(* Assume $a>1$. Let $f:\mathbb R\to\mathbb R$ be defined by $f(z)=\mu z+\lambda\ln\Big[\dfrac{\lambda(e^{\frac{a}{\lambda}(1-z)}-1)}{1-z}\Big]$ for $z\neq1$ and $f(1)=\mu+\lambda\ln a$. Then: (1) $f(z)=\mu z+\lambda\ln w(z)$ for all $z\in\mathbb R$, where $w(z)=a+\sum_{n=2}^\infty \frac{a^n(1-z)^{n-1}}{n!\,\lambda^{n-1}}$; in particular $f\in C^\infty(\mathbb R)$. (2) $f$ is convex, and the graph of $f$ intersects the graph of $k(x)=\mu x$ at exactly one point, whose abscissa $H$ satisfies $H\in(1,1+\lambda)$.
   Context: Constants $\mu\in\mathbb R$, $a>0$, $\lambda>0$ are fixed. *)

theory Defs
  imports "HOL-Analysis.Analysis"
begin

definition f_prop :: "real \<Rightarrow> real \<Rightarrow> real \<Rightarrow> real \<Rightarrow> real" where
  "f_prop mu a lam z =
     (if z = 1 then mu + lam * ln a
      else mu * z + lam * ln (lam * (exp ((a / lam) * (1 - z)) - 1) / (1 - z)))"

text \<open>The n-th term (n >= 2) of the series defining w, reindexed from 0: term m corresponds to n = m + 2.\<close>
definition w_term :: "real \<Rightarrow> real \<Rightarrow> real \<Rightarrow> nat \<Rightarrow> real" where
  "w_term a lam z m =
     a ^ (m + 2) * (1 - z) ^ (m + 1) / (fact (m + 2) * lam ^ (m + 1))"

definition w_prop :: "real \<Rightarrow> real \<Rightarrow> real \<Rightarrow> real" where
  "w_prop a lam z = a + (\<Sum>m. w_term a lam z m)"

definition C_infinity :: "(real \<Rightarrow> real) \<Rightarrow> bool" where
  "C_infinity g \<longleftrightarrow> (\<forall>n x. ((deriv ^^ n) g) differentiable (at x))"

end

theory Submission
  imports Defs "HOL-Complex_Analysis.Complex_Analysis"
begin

▬▬▬▬▬▬▬▬▬▬

### Your task
Nothing but the lines from the one with "a ^ (m + 2) * (1 - z)" through the end of the data above should be reproduced, each exactly, both ends included.

### Answer
     a ^ (m + 2) * (1 - z) ^ (m + 1) / (fact (m + 2) * lam ^ (m + 1))"

definition w_prop :: "real \<Rightarrow> real \<Rightarrow> real \<Rightarrow> real" where
  "w_prop a lam z = a + (\<Sum>m. w_term a lam z m)"

definition C_infinity :: "(real \<Rightarrow> real) \<Rightarrow> bool" where
  "C_infinity g \<longleftrightarrow> (\<forall>n x. ((deriv ^^ n) g) differentiable (at x))"

end

theory Submission
  imports Defs "HOL-Complex_Analysis.Complex_Analysis"
begin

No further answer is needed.